Estimating statistical power is an important part of experimental design. There are many programs and packages that will calculate power, but often limited regarding th be underlying statistical model the calculations are based on. During this workshop I will give an introduction to how power can be estimated using simulation, a flexible method that can used for any design.

*A TensorFlow tutorial: Cross-Cultural Facial Emotion Representation Learning Using Convolutional Networks.* Safoora Yousefi.

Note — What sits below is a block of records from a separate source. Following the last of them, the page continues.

lemma conv_assoc:
  assumes "valid_mon N m"
  shows "conv N (conv N f g) h m = conv N f (conv N g h) m"
proof -
  define \<Phi> where "\<Phi> x = hmult (hmult (f (fst (fst x))) (g (snd (fst x)))) (h (snd x))" for x
  have "conv N (conv N f g) h m = lin_ext \<Phi> (Delta_Delta_id N m)"
    unfolding conv_def Delta_Delta_id_def lin_ext_lin_ext lin_ext_bilin_single_right
    by (rule lin_ext_cong) (simp add: \<Phi>_def hmult_eq_bilin bilin_lin_ext_left)
  moreover have "conv N f (conv N g h) m = lin_ext \<Phi> (Delta_id_Delta N m)"
    unfolding conv_def Delta_id_Delta_def lin_ext_lin_ext lin_ext_bilin_single_left
    by (rule lin_ext_cong)
      (simp add: \<Phi>_def reassoc_def bilin_lin_ext_right hmult_assoc[unfolded hmult_eq_bilin] hmult_eq_bilin)
  ultimately show ?thesis
    using coassoc[OF assms] by simp
qed

lemma conv_eta_eps_left:
  assumes "valid_mon N m"
  shows "conv N eta_eps f m = f m"
proof -
  have "conv N eta_eps f m = lin_ext (\<lambda>p. lin_ext f (eps_id p)) (Delta_mon N m)"
    unfolding conv_def by (rule lin_ext_cong) (simp add: eta_eps_def eps_id_def)
  also have "\<dots> = lin_ext f (lin_ext eps_id (Delta_mon N m))"
    by (simp add: lin_ext_lin_ext)
  finally show ?thesis
    using eps_id_Delta_mon[OF assms] by simp
qed

lemma conv_eta_eps_right:
  assumes "valid_mon N m"
  shows "conv N f eta_eps m = f m"
proof -
  have "conv N f eta_eps m = lin_ext (\<lambda>p. lin_ext f (id_eps p)) (Delta_mon N m)"
    unfolding conv_def by (rule lin_ext_cong) (simp add: eta_eps_def id_eps_def)
  also have "\<dots> = lin_ext f (lin_ext id_eps (Delta_mon N m))"
    by (simp add: lin_ext_lin_ext)
  finally show ?thesis
    using id_eps_Delta_mon[OF assms] by simp
qed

Tensorflow is an open-source library that uses data flow graphs for numerical computation. It was developed by the Google Brain team for deep learning research. Google now uses Tensorflow in many areas, including search, voice recognition, translation and photos. In this tutorial, we are going to use Tensorflow to build a facial emotion classifier. We will explore how this library is flexible and smart enough to allow us to focus on research and design questions rather than implementation details. Through a Jupyter notebook, we will learn to use Tensorflow to investigate how different cultures express their facial emotions in different ways.

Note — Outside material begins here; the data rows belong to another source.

definition D_TV :: "'a measure \<Rightarrow> 'a measure \<Rightarrow> real" where
  "D_TV P Q = (SUP A \<in> sets P. \<bar>measure P A - measure Q A\<bar>)"

definition couplings :: "'a measure \<Rightarrow> 'b measure \<Rightarrow> ('a \<times> 'b) measure set" where
  "couplings P Q = {\<mu>. sets \<mu> = sets (P \<Otimes>\<^sub>M Q) \<and> distr \<mu> P fst = P \<and> distr \<mu> Q snd = Q}"

definition W1 :: "'a::euclidean_space measure \<Rightarrow> 'a measure \<Rightarrow> ennreal" where
  "W1 P Q = (INF \<mu> \<in> couplings P Q. \<integral>\<^sup>+ z. ennreal (norm (fst z - snd z)) \<partial>\<mu>)"

definition lip_const :: "'a::metric_space set \<Rightarrow> ('a \<Rightarrow> real) \<Rightarrow> real" where
  "lip_const U f = Inf {C. C-lipschitz_on U f}"

end

theory Submission
  imports Defs
begin

text \<open>
  On the sublevel set where f is at most \<epsilon> L(f/\<epsilon>) + \<epsilon> log s, the Gibbs density
  exp(f/\<epsilon>) / Z(f/\<epsilon>) is at most s, so this set has P(f/\<epsilon>)-probability at most s
  (the cube has volume 1). Each part transfers this bound from P(f/\<epsilon>) to Q:
  (a) since dP/dQ \<ge> exp(-D) Q-almost everywhere, (b) directly by the definition of total
  variation, and (c) through a coupling (X, Y) of P(f/\<epsilon>) and Q: by Lipschitz continuity
  f(Y) can lie far below f(X) only if |X - Y| is large, which Markov's inequality controls
  by the transport cost.
\<close>

section \<open>Gibbs distributions on the cube\<close>

lemma space_lebX [simp]: "space lebX = cube"
  by (simp add: lebX_def space_restrict_space)

lemma cube_in_sets_lebX [simp]: "cube \<in> sets lebX"
  by (metis sets.top space_lebX)

lemma prob_space_lebX: "prob_space lebX"
proof (rule prob_spaceI)
  have "cube \<in> sets lborel" by (simp add: cube_def)
  then show "emeasure lebX (space lebX) = 1"
    by (simp add: lebX_def emeasure_restrict_space cube_def emeasure_lborel_cbox_eq inner_Basis)
qed

lemma sublevel_sets_lebX:
  fixes f :: "'a::euclidean_space \<Rightarrow> real"
  assumes "f \<in> borel_measurable lebX"
  shows "{x \<in> cube. f x \<le> t} \<in> sets lebX" "{x \<in> cube. f x < t} \<in> sets lebX"
proof -
  have "{x \<in> space lebX. f x \<le> t} \<in> sets lebX"
    using assms by measurable
  moreover have "{x \<in> space lebX. f x < t} \<in> sets lebX"
    using assms by measurable
  ultimately show "{x \<in> cube. f x \<le> t} \<in> sets lebX" "{x \<in> cube. f x < t} \<in> sets lebX"
    by simp_all
qed

lemma sets_Ph [simp]: "sets (Ph h) = sets lebX"
  by (simp add: Ph_def)

lemma
  fixes h :: "'a::euclidean_space \<Rightarrow> real"
  assumes h: "h \<in> borel_measurable lebX" and "bounded (h ` cube)"
  shows integrable_exp_lebX: "integrable lebX (\<lambda>x. exp (h x))"
    and Zh_pos: "0 < Zh h"
proof -
  interpret prob_space lebX by (rule prob_space_lebX)
  obtain M where M: "\<And>x. x \<in> cube \<Longrightarrow> \<bar>h x\<bar> \<le> M"
    using assms(2) by (auto simp: bounded_iff)
  show int: "integrable lebX (\<lambda>x. exp (h x))"
    by (rule integrable_const_bound[where B = "exp M"]) (use h M in \<open>auto simp: abs_le_iff\<close>)
  have "exp (- M) = (\<integral>x. exp (- M) \<partial>(lebX :: 'a measure))"
    using prob_space by simp
  also have "\<dots> \<le> Zh h"
    unfolding Zh_def by (rule integral_mono) (use int in \<open>auto dest!: M simp: abs_le_iff\<close>)
  finally show "0 < Zh h"
    using exp_gt_zero less_le_trans by blast
qed

lemma borel_measurable_Gibbs_density [measurable]:
  "h \<in> borel_measurable lebX \<Longrightarrow> (\<lambda>x. ennreal (exp (h x) / Zh h)) \<in> borel_measurable lebX"
  by (intro measurable_compose[OF _ measurable_ennreal] borel_measurable_divide borel_measurable_exp) auto

lemma prob_space_Ph:
  assumes h: "h \<in> borel_measurable lebX" and "bounded (h ` cube)"
  shows "prob_space (Ph h)"
proof (rule prob_spaceI)
  have Z: "0 < Zh h" and int: "integrable lebX (\<lambda>x. exp (h x))"
    using Zh_pos integrable_exp_lebX assms by blast+
  have "emeasure (Ph h) (space (Ph h)) = (\<integral>\<^sup>+x. ennreal (exp (h x) / Zh h) * indicator cube x \<partial>lebX)"
    unfolding Ph_def using h by (subst emeasure_density) auto
  also have "\<dots> = (\<integral>\<^sup>+x. ennreal (exp (h x) / Zh h) \<partial>lebX)"
    by (rule nn_integral_cong) simp
  also have "\<dots> = ennreal (\<integral>x. exp (h x) / Zh h \<partial>lebX)"
    by (rule nn_integral_eq_integral) (use int Z in auto)
  also have "\<dots> = 1"
    using Z by (simp add: Zh_def)
  finally show "emeasure (Ph h) (space (Ph h)) = 1" .
qed

lemma measure_Ph_sublevel_le:
  assumes h: "h \<in> borel_measurable lebX" and "bounded (h ` cube)" and s: "0 < s"
  shows "measure (Ph h) {x \<in> cube. h x \<le> Lh h + ln s} \<le> s"
proof -
  interpret lebX: prob_space lebX by (rule prob_space_lebX)
  interpret P: prob_space "Ph h" using prob_space_Ph assms by blast
  define B where "B = {x \<in> cube. h x \<le> Lh h + ln s}"
  have B: "B \<in> sets lebX"
    unfolding B_def using h by (rule sublevel_sets_lebX)
  have Z: "0 < Zh h" using Zh_pos assms by blast
  have density_le: "exp (h x) / Zh h \<le> s" if "x \<in> B" for x
  proof -
    have "exp (h x) \<le> exp (Lh h + ln s)"
      using that by (simp add: B_def)
    also have "\<dots> = Zh h * s"
      using Z s by (simp add: exp_add Lh_def)
    finally show ?thesis
      using Z by (simp add: field_simps)
  qed
  have "emeasure (Ph h) B = (\<integral>\<^sup>+x. ennreal (exp (h x) / Zh h) * indicator B x \<partial>lebX)"
    using B h by (simp add: Ph_def emeasure_density)
  also have "\<dots> \<le> (\<integral>\<^sup>+x. ennreal s * indicator B x \<partial>lebX)"
    by (rule nn_integral_mono) (auto simp: indicator_def density_le ennreal_leI)
  also have "\<dots> = ennreal s * emeasure lebX B"
    using B by (rule nn_integral_cmult_indicator)
  also have "\<dots> \<le> ennreal s"
    using lebX.emeasure_le_1 mult_left_mono[of _ 1] by fastforce
  finally show ?thesis
    using s by (simp add: B_def P.emeasure_eq_measure)
qed

lemma
  fixes f :: "'a::euclidean_space \<Rightarrow> real"
  assumes f: "f \<in> borel_measurable lebX" "bounded (f ` cube)" and \<epsilon>: "0 < \<epsilon>"
  shows prob_space_Ph_scaled: "prob_space (Ph (\<lambda>x. f x / \<epsilon>))"
    and measure_Ph_scaled_sublevel_le: "0 < s \<Longrightarrow>
      measure (Ph (\<lambda>x. f x / \<epsilon>)) {x \<in> cube. f x \<le> \<epsilon> * Lh (\<lambda>x. f x / \<epsilon>) + \<epsilon> * ln s} \<le> s"
proof -
  have meas: "(\<lambda>x. f x / \<epsilon>) \<in> borel_measurable lebX"
    using f by measurable
  have "(\<lambda>x. f x / \<epsilon>) ` cube = (\<lambda>y. (1 / \<epsilon>) *\<^sub>R y) ` (f ` cube)"
    by (auto simp: image_image)
  then have bdd: "bounded ((\<lambda>x. f x / \<epsilon>) ` cube)"
    using bounded_scaling f(2) by metis
  show "prob_space (Ph (\<lambda>x. f x / \<epsilon>))"
    using meas bdd by (rule prob_space_Ph)
  assume "0 < s"
  have "{x \<in> cube. f x \<le> \<epsilon> * Lh (\<lambda>x. f x / \<epsilon>) + \<epsilon> * ln s}
      = {x \<in> cube. f x / \<epsilon> \<le> Lh (\<lambda>x. f x / \<epsilon>) + ln s}"
    using \<epsilon> by (auto simp: field_simps)
  then show "measure (Ph (\<lambda>x. f x / \<epsilon>)) {x \<in> cube. f x \<le> \<epsilon> * Lh (\<lambda>x. f x / \<epsilon>) + \<epsilon> * ln s} \<le> s"
    using measure_Ph_sublevel_le[OF meas bdd \<open>0 < s\<close>] by simp
qed

section \<open>Total variation and sup-log divergence\<close>

lemma measure_le_plus_D_TV:
  assumes P: "finite_measure P" and Q: "finite_measure Q" and A: "A \<in> sets P"
  shows "measure Q A \<le> measure P A + D_TV P Q"
proof -
  have "\<bar>measure P B - measure Q B\<bar> \<le> measure P (space P) + measure Q (space Q)" for B
    using finite_measure.bounded_measure[OF P, of B] finite_measure.bounded_measure[OF Q, of B]
      measure_nonneg[of P B] measure_nonneg[of Q B] by linarith
  then have "bdd_above ((\<lambda>B. \<bar>measure P B - measure Q B\<bar>) ` sets P)"
    by (intro bdd_aboveI2)
  then have "\<bar>measure P A - measure Q A\<bar> \<le> D_TV P Q"
    unfolding D_TV_def using A by (intro cSUP_upper)
  then show ?thesis by linarith
qed

lemma D_suplog_nonneg:
  assumes "prob_space Q"
  shows "0 \<le> D_suplog P Q"
proof -
  have "0 = esssup Q (\<lambda>x. 0 :: ereal)"
    using assms by (simp add: esssup_const prob_space.emeasure_space_1)
  also have "\<dots> \<le> esssup Q (\<lambda>x. ereal \<bar>ln (enn2real (RN_deriv Q P x))\<bar>)"
    by (rule esssup_mono) auto
  finally show ?thesis
    by (simp add: D_suplog_def)
qed

lemma AE_RN_deriv_ge_exp_D_suplog:
  assumes P: "prob_space P" and Q: "prob_space Q" and sets_eq: "sets P = sets Q"
    and D: "D_suplog P Q = ereal d"
  shows "AE x in Q. ennreal (exp (- d)) \<le> RN_deriv Q P x"
proof -
  interpret P: prob_space P by (rule P)
  interpret Q: prob_space Q by (rule Q)
  have ac_PQ: "absolutely_continuous Q P" and ac_QP: "absolutely_continuous P Q"
    using D by (auto simp: D_suplog_def split: if_splits)
  define RN where "RN = RN_deriv Q P"
  have density: "density Q RN = P"
    unfolding RN_def using ac_PQ sets_eq by (rule Q.density_RN_deriv)
  have [measurable]: "RN \<in> borel_measurable Q"
    by (simp add: RN_def)
  have AE_bound: "AE x in Q. ereal \<bar>ln (enn2real (RN x))\<bar> \<le> d"
    using D esssup_AE[of "\<lambda>x. ereal \<bar>ln (enn2real (RN x))\<bar>" Q]
    by (simp add: D_suplog_def RN_def split: if_splits)
  have AE_finite: "AE x in Q. RN x \<noteq> \<infinity>"
    unfolding RN_def using P.sigma_finite_measure_axioms ac_PQ sets_eq by (rule Q.RN_deriv_finite)
  \<comment> \<open>Since ln 0 = 0 in Isabelle, the bound on the logarithm says nothing where RN vanishes;
    that set is P-null, hence Q-null by mutual absolute continuity.\<close>
  have AE_nonzero: "AE x in Q. RN x \<noteq> 0"
  proof -
    define N where "N = {x \<in> space Q. RN x = 0}"
    have N: "N \<in> sets Q"
      unfolding N_def by measurable
    have "emeasure P N = (\<integral>\<^sup>+x. RN x * indicator N x \<partial>Q)"
      using N by (simp add: density[symmetric] emeasure_density)
    also have "\<dots> = 0"
      by (rule nn_integral_0_iff_AE[THEN iffD2]) (auto simp: N_def indicator_def)
    finally have "N \<in> null_sets Q"
      using ac_QP N sets_eq by (auto simp: absolutely_continuous_def null_sets_def)
    then show ?thesis
      by (rule AE_I') (auto simp: N_def)
  qed
  have "AE x in Q. ennreal (exp (- d)) \<le> RN x"
    using AE_bound AE_finite AE_nonzero
  proof eventually_elim
    case (elim x)
    then obtain r where r: "RN x = ennreal r" "0 < r"
      by (cases "RN x" rule: ennreal_cases) (auto simp: less_le)
    then have "- d \<le> ln r"
      using elim(1) by simp
    then have "exp (- d) \<le> r"
      using r(2) by (metis exp_le_cancel_iff exp_ln)
    then show ?case
      using r(1) by (simp add: ennreal_leI)
  qed
  then show ?thesis
    unfolding RN_def .
qed

lemma measure_le_exp_D_suplog_mult:
  assumes P: "prob_space P" and Q: "prob_space Q" and sets_eq: "sets P = sets Q"
    and D: "D_suplog P Q = ereal d" and A: "A \<in> sets Q"
  shows "measure Q A \<le> exp d * measure P A"
proof -
  interpret P: prob_space P by (rule P)
  interpret Q: prob_space Q by (rule Q)
  define RN where "RN = RN_deriv Q P"
  have "absolutely_continuous Q P"
    using D by (auto simp: D_suplog_def split: if_splits)
  then have density: "density Q RN = P"
    unfolding RN_def using sets_eq by (rule Q.density_RN_deriv)
  have [measurable]: "RN \<in> borel_measurable Q"
    by (simp add: RN_def)
  have AE_lower: "AE x in Q. ennreal (exp (- d)) \<le> RN x"
    unfolding RN_def using P Q sets_eq D by (rule AE_RN_deriv_ge_exp_D_suplog)
  have "ennreal (exp (- d)) * emeasure Q A = (\<integral>\<^sup>+x. ennreal (exp (- d)) * indicator A x \<partial>Q)"
    using A by (simp add: nn_integral_cmult_indicator)
  also have "\<dots> \<le> (\<integral>\<^sup>+x. RN x * indicator A x \<partial>Q)"
    by (rule nn_integral_mono_AE) (use AE_lower in \<open>auto elim!: eventually_mono simp: indicator_def\<close>)
  also have "\<dots> = emeasure P A"
    using A by (simp add: density[symmetric] emeasure_density)
  finally have "exp (- d) * measure Q A \<le> measure P A"
    by (simp add: Q.emeasure_eq_measure P.emeasure_eq_measure ennreal_mult[symmetric] ennreal_le_iff)
  then show ?thesis
    by (simp add: exp_minus field_simps)
qed

section \<open>Couplings and Lipschitz functions\<close>

lemma lipschitz_on_lip_const:
  fixes f :: "'a::metric_space \<Rightarrow> real"
  assumes "\<exists>C. C-lipschitz_on U f"
  shows "(lip_const U f)-lipschitz_on U f"
proof -
  define S where "S = {C. C-lipschitz_on U f}"
  have S: "S \<noteq> {}"
    using assms by (auto simp: S_def)
  have "0 \<le> Inf S"
    using S by (intro cInf_greatest) (auto simp: S_def lipschitz_on_nonneg)
  moreover have "dist (f x) (f y) \<le> Inf S * dist x y" if "x \<in> U" "y \<in> U" for x y
  proof (cases "x = y")
    case False
    have "dist (f x) (f y) / dist x y \<le> Inf S"
      using S that False
      by (intro cInf_greatest) (auto simp: S_def divide_le_eq dest: lipschitz_onD)
    then show ?thesis
      using False by (simp add: divide_le_eq)
  qed simp
  ultimately show ?thesis
    by (auto simp: lip_const_def S_def[symmetric] intro: lipschitz_onI)
qed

*Configurable Pipeline for the Analysis of Connectomes (C-PAC) tutorial.* Cameron Craddock.

The Configurable Pipeline for the Analysis of Connectomes (C-PAC) is an open-source software pipeline for automated preprocessing and analysis of resting-state fMRI data. C-PAC builds upon a robust set of existing software packages including AFNI, FSL, and ANTS, and makes it easy for both novice users and experts to explore their data using a wide array of analytic tools. Users define analysis pipelines by specifying a combination of preprocessing options and analyses to be run on an arbitrary number of subjects. In this session, the project director and co-principal investigator behind C-PAC, Cameron Craddock will walk attendees through using the GUI or text editor to configure a pipeline for analysis. Hence attendees will leave the session prepared to apply C-PAC to their own data. https://fcp-indi.github.io/

*Generalized Linear Models Tutorial for Neuroscientists using the Python package statsmodels.* David Hofmann.

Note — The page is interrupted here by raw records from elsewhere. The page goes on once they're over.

lemma card_reduced_solution:
  assumes feas: "feasible V m k X" and "v \<notin> X"
  shows "card ((X - Z) \<union> B') \<le> card X"
proof -
  have "finite X" using feas finite_V rev_finite_subset unfolding feasible_def by blast
  define P where "P b = \<Union>{C \<in> Cs. f C = b}" for b
  have "card (B' - X) \<le> card (X \<inter> \<Union>(P ` (B' - X)))"
  proof (rule card_le_card_of_disjoint_hitting[OF \<open>finite X\<close>])
    show "P b \<inter> X \<noteq> {}" if "b \<in> B' - X" for b
      using solution_hits_fibre[OF feas assms(2)] that unfolding P_def by blast
    show "P b \<inter> P c = {}" if "b \<in> B' - X" "c \<in> B' - X" "b \<noteq> c" for b c
    proof -
      have "C1 = C2" if "C1 \<in> Cs" "C2 \<in> Cs" "x \<in> C1" "x \<in> C2" for C1 C2 x
        using C_tree_disjoint Cs_sub that by blast
      then show ?thesis using that(3) unfolding P_def by blast
    qed
  qed
  also have "\<dots> \<le> card (X \<inter> Z)" using \<open>finite X\<close> unfolding P_def by (intro card_mono) auto
  finally have hits: "card (B' - X) \<le> card (X \<inter> Z)" .
  have "(X - Z) \<union> B' = (X - Z) \<union> (B' - X)" using B'_sub Z_sub by blast
  then have "card ((X - Z) \<union> B') \<le> card (X - Z) + card (B' - X)" by (metis card_Un_le)
  moreover have "card X = card (X \<inter> Z) + card (X - Z)" using \<open>finite X\<close> by (rule card_Int_Diff)
  ultimately show ?thesis using hits by linarith
qed

lemma Cs_component_reduced:
  assumes "C \<in> Cs" "C \<subseteq> S" "S \<inter> B' = {}"
  shows "C \<in> components m' S"
proof (rule connected_adj_closed_component)
  have "C \<in> CT" using assms(1) Cs_sub by blast
  have "C \<inter> B' = {}" "v \<notin> C" using C_tree_D(2)[OF \<open>C \<in> CT\<close>] B'_sub by blast+
  then have "m x y = m' x y" if "x \<in> C" "y \<in> C" for x y
    using reduced_agree_on that by metis
  then show "connected_in m' C"
    using component_connected[OF sym_m C_tree_D(1)[OF \<open>C \<in> CT\<close>]] connected_in_cong by blast
  show "adj_closed m' S C"
    using Cs_adj_reduced[OF assms(1)] assms(3) unfolding adj_closed_def by blast
qed (rule assms(2))

lemma reduced_solution_components:
  assumes feas: "feasible V m k X" and D: "D \<in> components m' (V - ((X - Z) \<union> B'))"
  shows "clique_or_tree m' D"
proof -
  let ?S = "V - ((X - Z) \<union> B')"
  have D_sub: "D \<subseteq> ?S" using component_subset D .
  show ?thesis
  proof (cases "\<exists>C\<in>Cs. D \<inter> C \<noteq> {}")
    case True
    then obtain C x where C: "C \<in> Cs" "x \<in> D" "x \<in> C" by blast
    have "C \<subseteq> ?S" using C(1) Z_sub B'_sub by blast
    then have "C \<in> components m' ?S" by (rule Cs_component_reduced[OF C(1)]) blast
    then have "D = C" using components_disjoint[OF sym_m' D] C(2,3) by blast
    moreover have "clique_or_tree m C"
      using C_tree_D(3) Cs_sub C(1) unfolding clique_or_tree_def by blast
    moreover have "v \<notin> C" using C(1) Z_sub by blast
    then have "m x y = m' x y" if "x \<in> C" "y \<in> C" for x y
      using reduced_off_v[of x y] that by metis
    ultimately show ?thesis using clique_or_tree_cong by blast
  next
    case False
    then have "D \<inter> Z = {}" by blast
    moreover have "D \<inter> B' = {}" using D_sub by blast
    ultimately have agree: "m x y = m' x y" if "x \<in> D" "y \<in> D" for x y
      using reduced_agree_on[of D x y] that by simp
    have "connected_in m D"
      using component_connected[OF sym_m' D] connected_in_cong agree by blast
    obtain u where "u \<in> D" using \<open>connected_in m D\<close> unfolding connected_in_def by blast
    have "D \<subseteq> V - X" using D_sub \<open>D \<inter> Z = {}\<close> by blast
    define K where "K = {w. reach m (V - X) u w}"
    have K: "K \<in> components m (V - X)"
      unfolding K_def using \<open>u \<in> D\<close> \<open>D \<subseteq> V - X\<close> by (intro component_of_in_components) blast
    then have "D \<subseteq> K"
      using connected_subset_component[OF sym_m \<open>connected_in m D\<close> \<open>D \<subseteq> V - X\<close>] \<open>u \<in> D\<close>
      unfolding K_def by simp
    moreover have "clique_or_tree m K" using feas K unfolding feasible_iff by blast
    ultimately have "clique_or_tree m D"
      using clique_or_tree_connected_subset \<open>connected_in m D\<close> by blast
    then show ?thesis using clique_or_tree_cong agree by blast
  qed
qed

lemma feasible_reduced:
  assumes "feasible V m k X" "v \<notin> X"
  shows "feasible V m' k ((X - Z) \<union> B')"
  using assms card_reduced_solution[OF assms] reduced_solution_components[OF assms(1)] B'_in_V
  unfolding feasible_iff by auto

lemma B'_sub_reduced_solution:
  assumes feas: "feasible V m' k X" and "v \<notin> X"
  shows "B' \<subseteq> X"
proof
  fix b assume b: "b \<in> B'"
  show "b \<in> X"
  proof (rule ccontr)
    assume "b \<notin> X"
    define K where "K = {w. reach m' (V - X) v w}"
    have K: "K \<in> components m' (V - X)" "v \<in> K"
      unfolding K_def using v_in_V assms(2) by (auto intro: component_of_in_components)
    have "b \<in> V - X" "b \<noteq> v" using b B'_in_V \<open>b \<notin> X\<close> by blast+
    moreover have "2 \<le> m' v b" using reduced_v_B'[OF b] .
    ultimately have "b \<in> K"
      using component_adj_closed[OF sym_m' K(1)] K(2) unfolding adj_closed_def adj_def by simp
    have "clique_or_tree m' K" using feas K(1) unfolding feasible_iff by blast
    moreover have "\<not> is_clique m' K"
      using K(2) \<open>b \<in> K\<close> \<open>b \<noteq> v\<close> \<open>2 \<le> m' v b\<close> unfolding is_clique_def by force
    moreover have "is_cycle m' K [v, b]"
      using K(2) \<open>b \<in> K\<close> \<open>b \<noteq> v\<close> \<open>2 \<le> m' v b\<close> unfolding is_cycle_def by simp
    ultimately show False unfolding clique_or_tree_def is_tree_def acyclic_in_def by blast
  qed
qed

lemma v_component_reduced_tree:
  assumes feas: "feasible V m' k X" and "v \<notin> X"
  shows "is_tree m' {w. reach m' (V - X) v w}"
proof -
  have "{w. reach m' (V - X) v w} \<in> components m' (V - X)"
    using v_in_V assms(2) by (intro component_of_in_components) blast
  then have "clique_or_tree m' {w. reach m' (V - X) v w}" using feas unfolding feasible_iff by blast
  moreover have "X \<subseteq> V" "card X \<le> k" using feas unfolding feasible_def by blast+
  ultimately show ?thesis
    using v_component_not_clique_reduced assms(2) B'_sub_reduced_solution[OF assms]
    unfolding clique_or_tree_def by blast
qed

lemma cycle_avoiding_B'_avoids_Z:
  assumes cyc: "is_cycle m S xs" and "set xs \<inter> B' = {}"
  shows "set xs \<inter> Z = {}"
proof (rule ccontr)
  assume "set xs \<inter> Z \<noteq> {}"
  then obtain C y where C: "C \<in> Cs" "y \<in> C" "y \<in> set xs" by blast
  have C_sub: "C \<subseteq> T0" using C(1) Z_sub by blast
  define P where "P = set xs - {v}"
  have "connected_in m P"
  proof (cases "v \<in> set xs")
    case True
    then show ?thesis unfolding P_def by (rule cycle_remove_vertex_connected[OF sym_m cyc])
  next
    case False
    then show ?thesis unfolding P_def using cycle_connected[OF sym_m cyc] by simp
  qed
  moreover have "adj_closed m P C"
    using Cs_adj[OF C(1)] assms(2) unfolding adj_closed_def P_def by blast
  moreover have "y \<in> P" using C C_sub unfolding P_def by blast
  ultimately have "P \<subseteq> C"
    using reach_adj_closed[of m P y _ C] C(2) unfolding connected_in_def by blast
  then have xs_sub: "set xs \<subseteq> insert v C" unfolding P_def by blast
  show False
  proof (cases "v \<in> set xs")
    case True
    have "set xs \<subseteq> V - B" using xs_sub C_sub v_in_V B_sub by blast
    then have "is_cycle m (V - B) xs" by (rule is_cycle_mono[OF cyc])
    with True no_cycle show False unfolding cycle_through_def by blast
  next
    case False
    then have "is_cycle m C xs" using xs_sub is_cycle_mono[OF cyc] by blast
    moreover have "is_tree m C" using C(1) Cs_sub C_tree_D(3) by blast
    ultimately show False unfolding is_tree_def acyclic_in_def by blast
  qed
qed

lemma v_component_subset_reduced:
  assumes "v \<notin> X" "B' \<subseteq> X"
  shows "{w. reach m (V - X) v w} \<subseteq> {w. reach m' (V - X) v w} \<union> Z"
proof -
  define K where "K = {w. reach m' (V - X) v w}"
  have K: "K \<in> components m' (V - X)"
    unfolding K_def using v_in_V assms(1) by (auto intro: component_of_in_components)
  have "v \<in> K" unfolding K_def by simp
  have "adj_closed m (V - X) (K \<union> Z)"
    unfolding adj_closed_def
  proof (intro ballI impI)
    fix x y assume x: "x \<in> K \<union> Z" and y: "y \<in> V - X" and "adj m x y"
    show "y \<in> K \<union> Z"
    proof (cases "x \<in> Z")
      case True
      then obtain C where "C \<in> Cs" "x \<in> C" by blast
      then show ?thesis
        using Cs_adj[OF \<open>C \<in> Cs\<close> \<open>x \<in> C\<close> \<open>adj m x y\<close>] \<open>v \<in> K\<close> y assms(2) by blast
    next
      case False
      then have "x \<in> K" using x by blast
      moreover have "adj m' x y \<Longrightarrow> y \<in> K"
        using component_adj_closed[OF sym_m' K] \<open>x \<in> K\<close> y unfolding adj_closed_def by blast
      ultimately show ?thesis using adj_reducedI[OF \<open>adj m x y\<close>] False \<open>v \<in> K\<close> by blast
    qed
  qed
  then show ?thesis
    unfolding K_def[symmetric]
    using reach_adj_closed[of m "V - X" v _ "K \<union> Z"] \<open>v \<in> K\<close> by blast
qed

Generalized Linear Models (GLMs) are a simple yet powerful stochastic modeling tool. They provide a natural extension of the well known linear regression to statistics beyond Gaussian that still belong to the exponential family. Assuming a Poisson statistics, they are often used as a simple stochastic model of a spiking neuron. They have been used in neuroscience to model receptive fields (Bush et al. 2016, Truccolo et al. 2011) as well as effective connectivity between neurons (Pillow et al. 2008). In this tutorial we will review the formal framework of GLMs and use the implementation that comes with the Python toolbox "statsmodels" to test it on some previously published data. Finally, we discuss the limitations of GLMs.

*Intro to Machine Learning in Python with scikit-learn.* David Nicholson.

Machine learning can be thought of as a collection of algorithms that build statistical models given a set of data. For instance, an algorithm might build a model that classifies neuron type after being trained with morphological features like soma diameter and number of branches in the dendritic tree. Many software libraries exist that implement machine learning algorithms. Perhaps one of the most popular and easiest to use is the Python package *scikit-learn*. In this tutorial I will introduce the *scikit-learn* interface, and walk you through the basic background you need to succesfully apply supervised learning algorithms to your data.